Somewhere below are a line with "then show ?case" and a later line with "text \<open>The largest". Output exactly those lines and all lines between them.

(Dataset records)
[Start of section]

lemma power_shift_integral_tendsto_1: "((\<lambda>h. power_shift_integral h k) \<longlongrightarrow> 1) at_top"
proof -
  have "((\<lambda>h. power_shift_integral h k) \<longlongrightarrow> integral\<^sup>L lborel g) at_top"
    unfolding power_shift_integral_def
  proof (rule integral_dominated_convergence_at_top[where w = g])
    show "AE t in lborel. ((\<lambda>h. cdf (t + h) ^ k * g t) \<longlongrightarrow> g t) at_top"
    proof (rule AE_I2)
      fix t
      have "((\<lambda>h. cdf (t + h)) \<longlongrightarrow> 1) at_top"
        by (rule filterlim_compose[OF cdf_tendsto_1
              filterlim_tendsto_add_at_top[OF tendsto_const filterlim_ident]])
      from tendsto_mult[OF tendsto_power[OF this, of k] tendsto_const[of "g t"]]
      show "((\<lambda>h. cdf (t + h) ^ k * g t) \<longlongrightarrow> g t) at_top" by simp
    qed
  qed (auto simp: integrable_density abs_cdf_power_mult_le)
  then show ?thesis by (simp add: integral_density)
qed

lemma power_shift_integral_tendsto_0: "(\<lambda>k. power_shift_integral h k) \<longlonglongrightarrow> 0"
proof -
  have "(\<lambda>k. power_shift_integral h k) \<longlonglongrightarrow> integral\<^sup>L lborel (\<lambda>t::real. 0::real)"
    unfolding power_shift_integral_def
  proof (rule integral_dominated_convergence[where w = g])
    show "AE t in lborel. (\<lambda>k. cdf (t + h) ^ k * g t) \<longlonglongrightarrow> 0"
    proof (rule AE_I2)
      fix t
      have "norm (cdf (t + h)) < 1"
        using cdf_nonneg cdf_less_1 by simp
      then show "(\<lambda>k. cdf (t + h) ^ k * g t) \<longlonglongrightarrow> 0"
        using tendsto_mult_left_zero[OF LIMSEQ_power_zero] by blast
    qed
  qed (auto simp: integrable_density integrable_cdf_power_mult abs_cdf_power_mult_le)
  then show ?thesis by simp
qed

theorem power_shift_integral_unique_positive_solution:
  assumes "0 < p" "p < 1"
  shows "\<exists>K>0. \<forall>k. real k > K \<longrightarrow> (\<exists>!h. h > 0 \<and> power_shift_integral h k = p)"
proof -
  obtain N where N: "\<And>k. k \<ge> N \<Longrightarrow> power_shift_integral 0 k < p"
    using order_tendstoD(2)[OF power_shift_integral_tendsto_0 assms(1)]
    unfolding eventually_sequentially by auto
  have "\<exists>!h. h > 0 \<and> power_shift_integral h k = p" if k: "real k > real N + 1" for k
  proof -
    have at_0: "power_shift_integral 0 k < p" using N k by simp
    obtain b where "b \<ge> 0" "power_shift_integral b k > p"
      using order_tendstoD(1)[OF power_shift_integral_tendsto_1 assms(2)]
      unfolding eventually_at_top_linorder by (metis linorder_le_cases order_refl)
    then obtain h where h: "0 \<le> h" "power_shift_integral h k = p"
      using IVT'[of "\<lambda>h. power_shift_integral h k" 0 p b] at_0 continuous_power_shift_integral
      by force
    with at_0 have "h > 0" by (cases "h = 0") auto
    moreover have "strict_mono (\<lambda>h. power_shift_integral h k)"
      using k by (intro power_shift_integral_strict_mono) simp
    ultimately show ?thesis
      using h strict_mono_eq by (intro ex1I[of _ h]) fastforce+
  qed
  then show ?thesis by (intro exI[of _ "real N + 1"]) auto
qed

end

[End of section]
[Start of section]

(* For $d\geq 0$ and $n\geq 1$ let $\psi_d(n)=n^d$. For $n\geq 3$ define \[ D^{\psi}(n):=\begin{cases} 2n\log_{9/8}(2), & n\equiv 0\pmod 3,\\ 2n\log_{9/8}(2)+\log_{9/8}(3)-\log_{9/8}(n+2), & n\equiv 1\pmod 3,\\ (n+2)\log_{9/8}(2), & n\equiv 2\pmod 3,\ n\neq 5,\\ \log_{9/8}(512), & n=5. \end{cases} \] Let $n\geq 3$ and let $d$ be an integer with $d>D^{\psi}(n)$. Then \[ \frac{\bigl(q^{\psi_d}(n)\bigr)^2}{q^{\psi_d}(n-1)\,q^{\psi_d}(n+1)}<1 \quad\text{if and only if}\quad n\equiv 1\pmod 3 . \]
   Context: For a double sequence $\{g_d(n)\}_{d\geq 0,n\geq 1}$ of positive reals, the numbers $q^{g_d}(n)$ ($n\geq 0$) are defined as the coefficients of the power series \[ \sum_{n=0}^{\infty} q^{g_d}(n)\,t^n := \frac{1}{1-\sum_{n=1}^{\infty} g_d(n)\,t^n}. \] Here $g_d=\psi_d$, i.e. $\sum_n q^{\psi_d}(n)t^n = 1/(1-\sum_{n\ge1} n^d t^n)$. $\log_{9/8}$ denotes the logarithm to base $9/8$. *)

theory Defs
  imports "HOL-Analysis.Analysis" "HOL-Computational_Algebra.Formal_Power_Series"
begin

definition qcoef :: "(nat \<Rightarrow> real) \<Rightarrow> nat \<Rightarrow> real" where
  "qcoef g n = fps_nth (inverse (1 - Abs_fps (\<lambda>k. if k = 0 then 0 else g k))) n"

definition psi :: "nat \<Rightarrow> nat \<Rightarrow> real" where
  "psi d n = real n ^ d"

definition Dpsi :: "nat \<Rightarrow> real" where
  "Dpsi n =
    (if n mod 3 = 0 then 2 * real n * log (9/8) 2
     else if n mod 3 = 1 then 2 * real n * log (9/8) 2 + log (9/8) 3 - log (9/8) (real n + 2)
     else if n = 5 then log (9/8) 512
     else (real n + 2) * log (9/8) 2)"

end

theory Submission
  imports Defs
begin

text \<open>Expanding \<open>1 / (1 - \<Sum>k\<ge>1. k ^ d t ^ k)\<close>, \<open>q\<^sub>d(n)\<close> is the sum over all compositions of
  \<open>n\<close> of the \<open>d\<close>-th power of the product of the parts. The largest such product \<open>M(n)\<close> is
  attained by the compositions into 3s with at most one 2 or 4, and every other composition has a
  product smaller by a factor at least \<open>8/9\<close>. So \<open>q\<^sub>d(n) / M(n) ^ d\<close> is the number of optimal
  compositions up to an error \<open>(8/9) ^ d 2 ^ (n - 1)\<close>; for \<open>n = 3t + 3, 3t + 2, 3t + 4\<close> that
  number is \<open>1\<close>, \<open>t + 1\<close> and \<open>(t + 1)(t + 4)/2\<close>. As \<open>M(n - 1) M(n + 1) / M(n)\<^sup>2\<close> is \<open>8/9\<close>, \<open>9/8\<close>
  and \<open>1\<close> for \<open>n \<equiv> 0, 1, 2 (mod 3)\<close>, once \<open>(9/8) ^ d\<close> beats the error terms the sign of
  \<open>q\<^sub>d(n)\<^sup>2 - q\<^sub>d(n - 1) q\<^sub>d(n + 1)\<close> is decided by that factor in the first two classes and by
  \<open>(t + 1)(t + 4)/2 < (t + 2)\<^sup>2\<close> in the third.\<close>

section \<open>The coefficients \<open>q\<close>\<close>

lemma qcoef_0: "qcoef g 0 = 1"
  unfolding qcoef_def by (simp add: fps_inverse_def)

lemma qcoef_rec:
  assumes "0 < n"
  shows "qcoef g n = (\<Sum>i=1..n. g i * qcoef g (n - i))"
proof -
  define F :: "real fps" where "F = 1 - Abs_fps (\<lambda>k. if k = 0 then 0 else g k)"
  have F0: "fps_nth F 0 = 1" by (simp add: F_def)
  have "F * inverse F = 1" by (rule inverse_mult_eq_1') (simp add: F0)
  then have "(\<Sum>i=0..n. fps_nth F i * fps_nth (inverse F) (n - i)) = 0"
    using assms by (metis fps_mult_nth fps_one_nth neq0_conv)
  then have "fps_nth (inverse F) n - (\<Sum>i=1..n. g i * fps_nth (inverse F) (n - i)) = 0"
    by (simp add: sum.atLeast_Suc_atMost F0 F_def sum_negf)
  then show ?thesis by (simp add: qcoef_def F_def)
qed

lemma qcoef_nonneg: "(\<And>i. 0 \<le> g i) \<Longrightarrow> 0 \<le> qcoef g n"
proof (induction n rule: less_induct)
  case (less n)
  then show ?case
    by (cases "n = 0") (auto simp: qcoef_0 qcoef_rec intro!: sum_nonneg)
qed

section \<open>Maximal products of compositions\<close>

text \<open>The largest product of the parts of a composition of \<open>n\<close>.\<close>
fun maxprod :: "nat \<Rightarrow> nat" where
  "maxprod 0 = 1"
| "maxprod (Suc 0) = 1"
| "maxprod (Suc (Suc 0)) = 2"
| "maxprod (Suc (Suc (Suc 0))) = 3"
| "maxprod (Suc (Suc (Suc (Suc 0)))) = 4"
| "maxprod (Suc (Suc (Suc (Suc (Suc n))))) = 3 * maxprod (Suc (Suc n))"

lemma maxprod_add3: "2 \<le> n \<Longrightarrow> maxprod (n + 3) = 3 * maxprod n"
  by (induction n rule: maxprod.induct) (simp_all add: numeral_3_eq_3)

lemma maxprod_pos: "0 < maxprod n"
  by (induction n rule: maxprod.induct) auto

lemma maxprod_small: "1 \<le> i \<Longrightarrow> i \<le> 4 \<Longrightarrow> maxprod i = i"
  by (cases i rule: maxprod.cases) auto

[End of section]
[Start of section]

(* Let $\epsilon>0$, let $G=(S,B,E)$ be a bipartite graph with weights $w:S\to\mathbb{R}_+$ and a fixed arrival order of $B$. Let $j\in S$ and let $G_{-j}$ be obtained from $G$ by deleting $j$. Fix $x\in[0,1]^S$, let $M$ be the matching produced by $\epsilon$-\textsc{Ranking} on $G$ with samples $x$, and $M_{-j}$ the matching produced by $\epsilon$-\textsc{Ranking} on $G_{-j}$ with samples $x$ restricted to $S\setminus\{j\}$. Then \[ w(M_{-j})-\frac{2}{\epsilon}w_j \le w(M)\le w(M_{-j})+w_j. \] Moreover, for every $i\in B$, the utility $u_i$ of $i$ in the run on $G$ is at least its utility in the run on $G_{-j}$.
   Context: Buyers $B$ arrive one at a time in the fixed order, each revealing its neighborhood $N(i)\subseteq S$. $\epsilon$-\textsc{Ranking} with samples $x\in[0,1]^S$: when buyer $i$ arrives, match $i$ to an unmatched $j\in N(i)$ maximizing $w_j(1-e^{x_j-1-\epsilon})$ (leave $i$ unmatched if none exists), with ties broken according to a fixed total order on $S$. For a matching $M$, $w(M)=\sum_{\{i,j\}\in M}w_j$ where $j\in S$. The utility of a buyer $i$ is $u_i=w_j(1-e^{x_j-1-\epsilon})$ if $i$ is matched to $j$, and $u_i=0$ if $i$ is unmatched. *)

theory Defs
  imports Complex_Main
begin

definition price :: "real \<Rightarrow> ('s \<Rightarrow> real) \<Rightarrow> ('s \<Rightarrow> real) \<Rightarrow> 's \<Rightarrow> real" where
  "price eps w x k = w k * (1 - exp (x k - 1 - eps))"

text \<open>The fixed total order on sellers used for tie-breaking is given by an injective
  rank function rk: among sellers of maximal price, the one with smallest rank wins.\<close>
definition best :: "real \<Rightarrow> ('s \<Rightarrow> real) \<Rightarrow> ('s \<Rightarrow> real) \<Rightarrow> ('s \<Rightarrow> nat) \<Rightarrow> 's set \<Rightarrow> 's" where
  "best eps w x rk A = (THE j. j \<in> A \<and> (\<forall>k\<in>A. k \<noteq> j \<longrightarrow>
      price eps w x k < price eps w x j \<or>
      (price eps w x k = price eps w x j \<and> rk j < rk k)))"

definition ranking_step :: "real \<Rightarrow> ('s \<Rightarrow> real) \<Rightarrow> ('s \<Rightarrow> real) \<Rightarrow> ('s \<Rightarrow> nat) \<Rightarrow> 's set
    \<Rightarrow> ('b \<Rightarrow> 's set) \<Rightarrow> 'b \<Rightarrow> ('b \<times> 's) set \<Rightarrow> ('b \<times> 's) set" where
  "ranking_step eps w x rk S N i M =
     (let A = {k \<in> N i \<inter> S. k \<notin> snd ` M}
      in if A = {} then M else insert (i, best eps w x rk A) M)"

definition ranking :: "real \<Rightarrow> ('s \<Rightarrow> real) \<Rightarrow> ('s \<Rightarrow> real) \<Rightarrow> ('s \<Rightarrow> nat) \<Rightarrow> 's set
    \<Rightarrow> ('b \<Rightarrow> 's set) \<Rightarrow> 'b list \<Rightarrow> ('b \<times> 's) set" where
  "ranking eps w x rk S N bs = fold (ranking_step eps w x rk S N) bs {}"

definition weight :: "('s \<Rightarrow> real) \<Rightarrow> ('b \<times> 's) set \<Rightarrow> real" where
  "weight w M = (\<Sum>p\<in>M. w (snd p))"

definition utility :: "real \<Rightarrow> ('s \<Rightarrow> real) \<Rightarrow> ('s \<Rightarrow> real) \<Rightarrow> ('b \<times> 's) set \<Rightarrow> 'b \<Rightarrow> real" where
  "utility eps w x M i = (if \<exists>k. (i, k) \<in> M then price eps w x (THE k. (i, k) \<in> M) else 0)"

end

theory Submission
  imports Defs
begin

[End of section]

→ **Output for this exercise**
  then show ?case
    by (cases "n = 0") (auto simp: qcoef_0 qcoef_rec intro!: sum_nonneg)
qed

section \<open>Maximal products of compositions\<close>

text \<open>The largest product of the parts of a composition of \<open>n\<close>.\<close>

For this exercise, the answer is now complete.